The milk yields were recorded daily using the ALPROTM system (DeLaval, Tumba, Sweden). After calving, milk samples were collected on d 12–13, 20–21, and 60–61. During each milking, milk samples were collected by a continuous milk sampling device (Tumba, Sweden) and then pooled in a proportion of 1:1:1:1 to obtain one daily sample after a day and night sampling. A portion mixture was stored at 4 °C for milk composition analysis, and another was stored at −20 °C for milk FAs analysis. Energy-corrected milk (ECM) was calculated as follows: (12.95 × fat yield) + (7.65 × protein yield) + (0.327 × milk yield) [ref. 40], and 4% fat-corrected milk (FCM) was calculated as follows: (0.4 × milk yield) + (15 × fat yield) [ref. 41]. The milk FA and plasma FA composition measurements were under the same GC system and condition but with different pre-treatment processes [ref. 42]. In short, the milk samples were methylated with 4 mL of 0.5 mol/L NaOH/methanol at 50 °C for 15 min, then methylated with 4 mL of 5% HCl/methanol at 50 °C for 1 h. After extracting 2 mL of n-hexane, the sample was conducted using an Agilent 7890N gas chromatograph system described above. All FA composition results were expressed as g/100 g of total FAs and g/d.

DNA extraction and 16S rRNA gene sequencing

Microbial DNA of rumen and fecal samples was extracted from 18 randomly selected cows (n = 9 in each group) by using the E.Z.N.A. DNA kit (Omega Biotek, Norcross, GA, USA) according to the manufacturer’s protocol. The DNA concentration was measured with a Nanodrop-2000 (Thermo Fisher Scientific, Wilmington, DE, USA) and the quality was assessed using 1% agarose gel electrophoresis. Bacterial 16S rRNA gene fragments (V3–V4) in the extracted DNA were amplified using the forward primer 27F (5′-AGRGTTYGATYMTGGCTCAG-3′), and reverse primer 1492R (5′-RGYCCTTTGTTACGACTT-3′) [ref. 43]. PCR products were visualized on 2% agarose gels and purified using the QIAquick gel extraction kit (Qiagen, Dusseldorf, Germany). Sequencing was done on an Illumina MiSeq PE300 paired-end platform by Shanghai Meiji Biomedical Technology Co., Ltd. (Shanghai, China). The sequences were analyzed using QIIME 2 (https://qiime2.org) with default parameters [ref. 44]. The amplicon sequence variants (ASV) were annotated according to the Silva bacteria database. The alpha diversity indices, including ACE, Chao1, Shannon, and Simpson, were calculated using QIIME2 with default parameters. The principal coordinates analysis (PCoA) was conducted based on the Bray Curtis distance algorithm to test the differences in microbial community structure composition between treatments, and analysis of similarities (ANOSIM) at the phylum level with 999 permutations was used to determine statistical significance. Phylogenetic investigation of communities was analyzed by PICRUSt2 (https://github.com/picrust/picrust2) with default parameters and gene banks such as the Kyoto Encyclopedia of Genes and Genomes (KEGG) [ref. 45].
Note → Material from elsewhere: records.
text \<open>The defining estimate of the nabla fractional derivative says that the remainder
  \<open>f s - f (\<rho> t) - D (s - \<rho> t)\<^sup>\<alpha>\<close> is \<open>o(|s - \<rho> t|\<^sup>\<alpha>)\<close> as \<open>s \<rightarrow> t\<close> along \<open>T\<close>
  (from the right only when \<open>\<alpha> \<notin> A\<close>), together with its instance \<open>s = t\<close>, which is
  exactly identity (vi). At a left-dense point \<open>\<rho> t = t\<close> and \<open>|(s - t)\<^sup>\<alpha>| = |s - t|\<^sup>\<alpha>\<close>, so
  the little-o condition says that the difference quotient tends to \<open>D\<close>: this is (iv) and
  (v), and (i), (ii) follow since \<open>(s - t)\<^sup>\<alpha> \<rightarrow> 0\<close>. At a left-scattered point
  \<open>|s - \<rho> t|\<^sup>\<alpha>\<close> stays away from \<open>0\<close> near \<open>t\<close>, so continuity of \<open>f\<close> alone makes the
  remainder little-o, which is (iii).\<close>

lemma frpow_setA_eq_root:
  assumes "\<alpha> \<in> setA"
  shows "\<exists>q. odd q \<and> \<alpha> = 1 / real q \<and> frpow \<alpha> = root q"
proof -
  obtain q :: nat where q: "odd q" "\<alpha> = 1 / real q"
    using assms unfolding setA_def by blast
  have "(THE q. odd q \<and> \<alpha> = 1 / real q) = q"
    using q by (intro the_equality) (auto simp: divide_cancel_left)
  then show ?thesis
    using q assms by (intro exI[of _ q]) (auto simp: frpow_def fun_eq_iff)
qed

lemma abs_frpow:
  assumes "\<alpha> \<in> setA \<or> 0 \<le> x" "0 < \<alpha>"
  shows "\<bar>frpow \<alpha> x\<bar> = \<bar>x\<bar> powr \<alpha>"
proof (cases "\<alpha> \<in> setA")
  case True
  then obtain q where q: "odd q" "\<alpha> = 1 / real q" "frpow \<alpha> = root q"
    using frpow_setA_eq_root by blast
  then have "0 < q" by (cases q) auto
  then show ?thesis
    using q by (simp add: real_root_abs[symmetric] root_powr_inverse)
next
  case False
  then show ?thesis using assms by (simp add: frpow_def)
qed

lemma frpow_0 [simp]: "0 < \<alpha> \<Longrightarrow> frpow \<alpha> 0 = 0"
  using abs_frpow[of \<alpha> 0] by simp

lemma frpow_eq_0_iff:
  assumes "\<alpha> \<in> setA \<or> 0 \<le> x" "0 < \<alpha>"
  shows "frpow \<alpha> x = 0 \<longleftrightarrow> x = 0"
  using abs_frpow[OF assms] by (metis abs_eq_0 powr_eq_0_iff)

lemma isCont_frpow:
  assumes "0 < x"
  shows "isCont (frpow \<alpha>) x"
proof (cases "\<alpha> \<in> setA")
  case True
  then show ?thesis using frpow_setA_eq_root isCont_real_root by metis
next
  case False
  then have "frpow \<alpha> = (\<lambda>x. x powr \<alpha>)" by (simp add: frpow_def fun_eq_iff)
  then show ?thesis using assms by (auto intro!: continuous_intros)
qed

lemma tendsto_frpow_zero:
  assumes "0 < \<alpha>" "\<alpha> \<in> setA \<or> S \<subseteq> {t..}"
  shows "((\<lambda>s. frpow \<alpha> (s - t)) \<longlongrightarrow> 0) (at t within S)"
proof -
  have "eventually (\<lambda>s. \<bar>s - t\<bar> powr \<alpha> = \<bar>frpow \<alpha> (s - t)\<bar>) (at t within S)"
    unfolding eventually_at_filter using assms by (intro always_eventually) (auto simp: abs_frpow)
  moreover have "((\<lambda>s. \<bar>s - t\<bar> powr \<alpha>) \<longlongrightarrow> 0) (at t within S)"
    using assms(1) by (intro tendsto_zero_powrI tendsto_eq_intros) auto
  ultimately show ?thesis
    by (subst tendsto_rabs_zero_iff[symmetric]) (rule Lim_transform_eventually)
qed

lemma eps_delta_iff_smallo_at_within:
  fixes g h :: "real \<Rightarrow> real"
  assumes "t \<in> S"
  shows "(\<forall>\<epsilon>>0. \<exists>\<delta>>0. \<forall>s\<in>S. dist s t < \<delta> \<longrightarrow> \<bar>g s\<bar> \<le> \<epsilon> * \<bar>h s\<bar>)
    \<longleftrightarrow> g t = 0 \<and> g \<in> o[at t within S](h)"
proof -
  have point: "(\<forall>\<epsilon>>0. \<bar>g t\<bar> \<le> \<epsilon> * \<bar>h t\<bar>) \<longleftrightarrow> g t = 0"
  proof
    assume le: "\<forall>\<epsilon>>0. \<bar>g t\<bar> \<le> \<epsilon> * \<bar>h t\<bar>"
    have "((\<lambda>\<epsilon>. \<epsilon> * \<bar>h t\<bar>) \<longlongrightarrow> 0) (at_right 0)"
      by (auto intro!: tendsto_eq_intros)
    moreover have "eventually (\<lambda>\<epsilon>. \<bar>g t\<bar> \<le> \<epsilon> * \<bar>h t\<bar>) (at_right 0)"
      using le by (auto simp: eventually_at_right_field intro!: exI[of _ 1])
    ultimately have "\<bar>g t\<bar> \<le> 0"
      by (rule tendsto_lowerbound) auto
    then show "g t = 0" by simp
  qed simp
  have split: "(\<forall>\<epsilon>>0. \<exists>\<delta>>0. \<forall>s\<in>S. dist s t < \<delta> \<longrightarrow> P \<epsilon> s) \<longleftrightarrow>
      (\<forall>\<epsilon>>0. P \<epsilon> t) \<and> (\<forall>\<epsilon>>0. \<exists>\<delta>>0. \<forall>s\<in>S. s \<noteq> t \<and> dist s t < \<delta> \<longrightarrow> P \<epsilon> s)" for P
    using assms by (metis dist_self)
  show ?thesis
    unfolding smallo_def eventually_at
    using split[of "\<lambda>\<epsilon> s. \<bar>g s\<bar> \<le> \<epsilon> * \<bar>h s\<bar>"] point by simp
qed
lemma moment_conditions_integrable:
  assumes "moment_conditions M p \<Theta> \<theta>" "\<theta> \<in> \<Theta>"
  shows "integrable M (\<lambda>x. (partial i (partial j (logp p x)) \<theta>)\<^sup>2 * p \<theta> x)"
    and "integrable M (\<lambda>x. \<bar>partial i (partial j (partial k (logp p x))) \<theta>\<bar> * p \<theta> x)"
proof -
  obtain N where "\<theta> \<in> N"
    and N2: "(SUP v\<in>N. \<integral>\<^sup>+ x. ennreal ((partial i (partial j (logp p x)) v)\<^sup>2 * p v x) \<partial>M) < \<infinity>"
    and N3: "(SUP v\<in>N. \<integral>\<^sup>+ x. ennreal (\<bar>partial i (partial j (partial k (logp p x))) v\<bar> * p v x) \<partial>M) < \<infinity>"
    using assms(1) interior_subset unfolding moment_conditions_def by blast
  have [measurable]: "p \<theta> \<in> borel_measurable M"
    "(\<lambda>x. partial i (partial j (logp p x)) \<theta>) \<in> borel_measurable M"
    "(\<lambda>x. partial i (partial j (partial k (logp p x))) \<theta>) \<in> borel_measurable M"
    using p_measurable borel_measurable_partial_logp assms(2) by blast+
  show "integrable M (\<lambda>x. (partial i (partial j (logp p x)) \<theta>)\<^sup>2 * p \<theta> x)"
    by (rule integrable_if_SUP_nn_integral_finite[OF \<open>\<theta> \<in> N\<close> N2])
       (auto intro!: mult_nonneg_nonneg less_imp_le[OF p_pos] assms(2))
  show "integrable M (\<lambda>x. \<bar>partial i (partial j (partial k (logp p x))) \<theta>\<bar> * p \<theta> x)"
    by (rule integrable_if_SUP_nn_integral_finite[OF \<open>\<theta> \<in> N\<close> N3])
       (auto intro!: mult_nonneg_nonneg less_imp_le[OF p_pos] assms(2))
qed
(* Let $I$ be a $b$-nested common interval of $\mathcal{P}$ with domain $D(I)=\{x_1,\ldots,x_r\}$, where $r\geq 1$. Then for every $i$ with $1\leq i\leq r$, the interval $Int(x_i)$ is either $b$-small or a $b$-nested common interval.
   Context: Let $n\geq 1$, $K\geq 1$ and let $\mathcal{P}=\{P_1,\ldots,P_K\}$ be permutations of $\{1,\ldots,n\}$ with $P_1=(1,2,\ldots,n)$. For integers $i\leq j$ write $(i..j)=\{i,i+1,\ldots,j\}$. A common interval of $\mathcal{P}$ is a set of integers occupying consecutive positions in every $P_k$; all common intervals have the form $(i..j)$, and singletons and $(1..n)$ are common. Fix a positive integer $b$. A common interval $I$ is $b$-small if $|I|\leq b$ and $b$-large otherwise. It is $b$-nested if $|I|=1$ or $I$ strictly contains a $b$-nested common interval $J$ with $|J|\geq |I|-b$ (recursive definition on size). Two intervals $(i..j)$, $(k..l)$ overlap if $i<k\leq j<l$ or $k<i\leq l<j$. A common interval is strong if it overlaps no other common interval. The PQ-tree $T$ of $\mathcal{P}$: its nodes are the strong common intervals ($Int(x)$ denotes the interval of node $x$), the root is $(1..n)$, the leaves are the singletons, and the parent of $y$ is the node $x$ with $Int(x)$ the smallest strong common interval strictly containing $Int(y)$. A node $x$ with children set $D$ is a $P$-node if no union $\bigcup_{z\in D'}Int(z)$ with $D'\subset D$, $2\leq|D'|<|D|$, is a common interval; otherwise it is a $Q$-node, and its children $y_1,\ldots,y_r$ are ordered so that $\max Int(y_i)+1=\min Int(y_{i+1})$. It is known that a set $I$ is a common interval iff either $I=Int(x)$ for a node $x$, or there is a unique $Q$-node $z$ such that $I$ is the union of the intervals of a run of consecutive children of $z$. The domain $D(I)$ of a common interval $I$ is: the set of children of $x$ if $I=Int(x)$ is strong; otherwise the set $\{x_l,\ldots,x_r\}$ of consecutive children of the $Q$-node $z$ whose intervals have union $I$. *)

theory Defs
  imports Main
begin

definition perm_family :: "nat \<Rightarrow> nat list list \<Rightarrow> bool" where
  "perm_family n Ps \<longleftrightarrow> n \<ge> 1 \<and> length Ps \<ge> 1 \<and>
     hd Ps = [1..<n+1] \<and> (\<forall>P\<in>set Ps. distinct P \<and> set P = {1..n})"

definition positions :: "nat list \<Rightarrow> nat set \<Rightarrow> nat set" where
  "positions P I = {i. i < length P \<and> P ! i \<in> I}"

definition common :: "nat \<Rightarrow> nat list list \<Rightarrow> nat set \<Rightarrow> bool" where
  "common n Ps I \<longleftrightarrow> I \<noteq> {} \<and> I \<subseteq> {1..n} \<and>
     (\<forall>P\<in>set Ps. \<exists>a c. positions P I = {a..c})"

definition overlap :: "nat set \<Rightarrow> nat set \<Rightarrow> bool" where
  "overlap I J \<longleftrightarrow>
     (Min I < Min J \<and> Min J \<le> Max I \<and> Max I < Max J) \<or>
     (Min J < Min I \<and> Min I \<le> Max J \<and> Max J < Max I)"

definition strong :: "nat \<Rightarrow> nat list list \<Rightarrow> nat set \<Rightarrow> bool" where
  "strong n Ps I \<longleftrightarrow> common n Ps I \<and> (\<forall>J. common n Ps J \<longrightarrow> \<not> overlap I J)"

text \<open>Nodes of the PQ-tree are identified with their (strong) intervals.
  y is a child of x iff x is the smallest strong interval strictly containing y.\<close>
definition children :: "nat \<Rightarrow> nat list list \<Rightarrow> nat set \<Rightarrow> nat set set" where
  "children n Ps x = {y. strong n Ps y \<and> y \<subset> x \<and>
      (\<forall>w. strong n Ps w \<and> y \<subset> w \<longrightarrow> x \<subseteq> w)}"

definition P_node :: "nat \<Rightarrow> nat list list \<Rightarrow> nat set \<Rightarrow> bool" where
  "P_node n Ps x \<longleftrightarrow> strong n Ps x \<and>
     (\<forall>D'. D' \<subset> children n Ps x \<and> 2 \<le> card D' \<and> card D' < card (children n Ps x)
        \<longrightarrow> \<not> common n Ps (\<Union>D'))"

definition Q_node :: "nat \<Rightarrow> nat list list \<Rightarrow> nat set \<Rightarrow> bool" where
  "Q_node n Ps x \<longleftrightarrow> strong n Ps x \<and> \<not> P_node n Ps x"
The relative expression abundance of BA converting enzymes such as 7α-HSDH (EC1.1.1.159), BSH (EC3.5.1.24), and BaiE (EC3.5.1.59) were calculated based on microbial functional analysis using PICRUSt2 and KEGG functional abundance statistics and were expressed as the percentage of the total sequences, as described in one of our previous studies [ref. 31].
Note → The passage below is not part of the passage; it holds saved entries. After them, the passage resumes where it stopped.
(* Let $(\hat p_n)_{n\ge0}$ be the monic orthogonal polynomials with respect to a positive Borel measure on $\mathbb{R}$ with infinitely many points in its support. Then there exist sequences of positive numbers $(\rho_n)_{n\ge0}$ such that the normalized polynomials $p_n(x)=\rho_n\hat p_n(x)$ satisfy: for any positive integer $K$ and any real numbers $\gamma_0,\dots,\gamma_K$ with $\gamma_0=1$ and $\gamma_K\neq0$, the polynomials $$q_n(x)=\sum_{j=0}^K\gamma_jp_{n-j}(x)$$ have only real zeros for all $n$ sufficiently large (how large depending only on $K$ and $\gamma_0,\dots,\gamma_K$). *)

theory Defs
  imports "HOL-Analysis.Analysis" "HOL-Computational_Algebra.Polynomial"
begin

definition measure_support :: "real measure \<Rightarrow> real set" where
  "measure_support M = {x. \<forall>e>0. emeasure M (ball x e) > 0}"

definition finite_moments :: "real measure \<Rightarrow> bool" where
  "finite_moments M \<longleftrightarrow> (\<forall>k::nat. integrable M (\<lambda>x. x ^ k))"

definition monic_orthogonal_polys :: "real measure \<Rightarrow> (nat \<Rightarrow> real poly) \<Rightarrow> bool" where
  "monic_orthogonal_polys M p \<longleftrightarrow>
     (\<forall>n. degree (p n) = n \<and> lead_coeff (p n) = 1) \<and>
     (\<forall>m n. m \<noteq> n \<longrightarrow> (\<integral>x. poly (p m) x * poly (p n) x \<partial>M) = 0)"

definition only_real_zeros :: "real poly \<Rightarrow> bool" where
  "only_real_zeros q \<longleftrightarrow> (\<forall>z::complex. poly (map_poly complex_of_real q) z = 0 \<longrightarrow> z \<in> \<real>)"

end

theory Submission
  imports Defs
begin
lemma gamma_hat_attained: "k_feasible v k S \<Longrightarrow> \<exists>S'. k_feasible v k S' \<and> card S' = gamma_hat v k"
  unfolding gamma_hat_def by (rule LeastI_ex) blast

context
  fixes v :: "'a dtree"
  assumes tedges_card_2: "\<forall>e\<in>tedges v. card e = 2"
begin

lemma even_card_k_feasible:
  assumes "k_feasible v k S"
  shows "even (card S + k)"
proof -
  obtain X where X: "X \<subseteq> S \<inter> tts v" "card X = k" and pm: "has_perfect_matching (tedges v) (S - X)"
    using assms by (rule k_feasibleE)
  have "X \<subseteq> S" using X(1) by simp
  have "finite S" using assms finite_subset[OF _ finite_tverts[of v]] unfolding k_feasible_def by blast
  moreover have "finite X" using finite_subset[OF \<open>X \<subseteq> S\<close>] \<open>finite S\<close> .
  ultimately have "card S = card (S - X) + k"
    using \<open>X \<subseteq> S\<close> X(2) card_Diff_subset[of X S] card_mono[of S X] by linarith
  then show ?thesis using even_card_perfect_matching[OF tedges_card_2 pm] by simp
qed

lemma k_feasible_Suc:
  assumes "k_feasible v k S" "k < card (tts v)"
  shows "\<exists>S'. k_feasible v (Suc k) S' \<and> card S' \<le> card S + 1"
proof -
  obtain X where dom: "tverts v - tts v \<subseteq> closed_nbhd (tedges v) S"
    and X: "X \<subseteq> S \<inter> tts v" "card X = k" and pm: "has_perfect_matching (tedges v) (S - X)"
    using assms(1) by (rule k_feasibleE)
  have fin_X: "finite X" using X(1) finite_subset[OF _ finite_tts[of v]] by blast
  show ?thesis
  proof (cases "tts v \<subseteq> S")
    case False
    then obtain t where t: "t \<in> tts v" "t \<notin> S" by blast
    have "t \<notin> X" using X(1) t(2) by blast
    then have card_X': "card (insert t X) = Suc k" using fin_X X(2) by simp
    have "insert t S - insert t X = S - X" using t(2) by blast
    then have pm': "has_perfect_matching (tedges v) (insert t S - insert t X)" using pm by simp
    have dom': "tverts v - tts v \<subseteq> closed_nbhd (tedges v) (insert t S)"
      using dom closed_nbhd_mono[of S "insert t S"] by blast
    have "insert t X \<subseteq> insert t S \<inter> tts v" using X(1) t(1) by blast
    then have "k_feasible v (Suc k) (insert t S)" by (rule k_feasibleI[OF dom' _ card_X' pm'])
    moreover have "card (insert t S) \<le> card S + 1" by (cases "finite S") (auto simp: card_insert_if)
    ultimately show ?thesis by blast
  next
    case True
    have "\<not> tts v \<subseteq> X"
    proof
      assume "tts v \<subseteq> X"
      then have "card (tts v) \<le> card X" by (rule card_mono[OF fin_X])
      then show False using X(2) assms(2) by simp
    qed
    then obtain t where t: "t \<in> S - X" "t \<in> tts v" using True by blast
    obtain u where u: "u \<in> S - X" "u \<noteq> t" "{t, u} \<in> tedges v"
      and pm': "has_perfect_matching (tedges v) (S - X - {t, u})"
      by (rule has_perfect_matching_remove_edge[OF pm tedges_card_2 t(1)])
    have "S - insert t X - {u} = S - X - {t, u}" by blast
    then have pm'': "has_perfect_matching (tedges v) (S - insert t X - {u})" using pm' by simp
    have card_X': "card (insert t X) = Suc k" using fin_X X(2) t(1) by simp
    have "insert t X \<subseteq> S \<inter> tts v" "u \<in> S - insert t X" "t \<in> S - {u}"
      using X(1) t u by auto
    then show ?thesis using k_feasible_repair_unmatched[OF dom _ card_X' _ pm''] u(3) by blast
  qed
qed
Target metabolomic analysis of BAs in plasma and feces

Target metabolomes of plasma and fecal BAs were measured by a UHPLC-parallel reaction monitoring-MS method by Shanghai Biotree Biotech Co., Ltd. (Shanghai, China) as described in one of our previous studies [ref. 20]. Briefly, the samples (approximately 100 mg) were extracted with 1 mL of methanol using ultrasonic assistance. The resulting methanol extracts were centrifuged, filtered, and quantified using the UPLC-MS/MS system according to the established protocols [ref. 20, ref. 46]. The UHPLC separation was performed using a UHPLC System (Vanquish, Thermo Fisher Scientific, San Jose, CA, USA) equipped with a UPLC BEH C18 column (150 mm × 2.1 mm, 1.7 μm, Waters). The mobile phase A was 1 mmol/L ammonium acetate and 0.1% acetic acid in the water, and the mobile phase B was acetonitrile. The column temperature was set at 50 °C. The auto-sampler temperature was set at 4 °C, and the injection volume was 1 μL. The standard curves were built by using the peak areas ratio for the analyte: the internal standard is y, and the concentration of the analyte (nmol/L) or (nmol/kg) is x. The least squares method was used for the regression fitting in Excel. The optimal accuracy and correlation coefficient (R²) are obtained using 1/x as weight.

Statistical analysis

The animal performance data were first checked for normality and outliers using the UNIVARIATE procedure of SAS (version 9.4, SAS Institute Inc., Cary, NC, USA). The data for rumen fermentation parameters, plasma individual metabolites, milk yield and composition on the 9th week postpartum, milk FA composition and yield on d 21 postpartum, plasma FA composition, and plasma and fecal BA composition were analyzed using the PROC GLM procedure of SAS. The data for milk yield, milk composition, and milk composition yield during 1–3 weeks postpartum were analyzed using the PROC MIXED procedure with repeated measuring including treatment group, block (previous milk yield and due date), time (week or day), and their interaction as fixed effects, and cow as a random effect.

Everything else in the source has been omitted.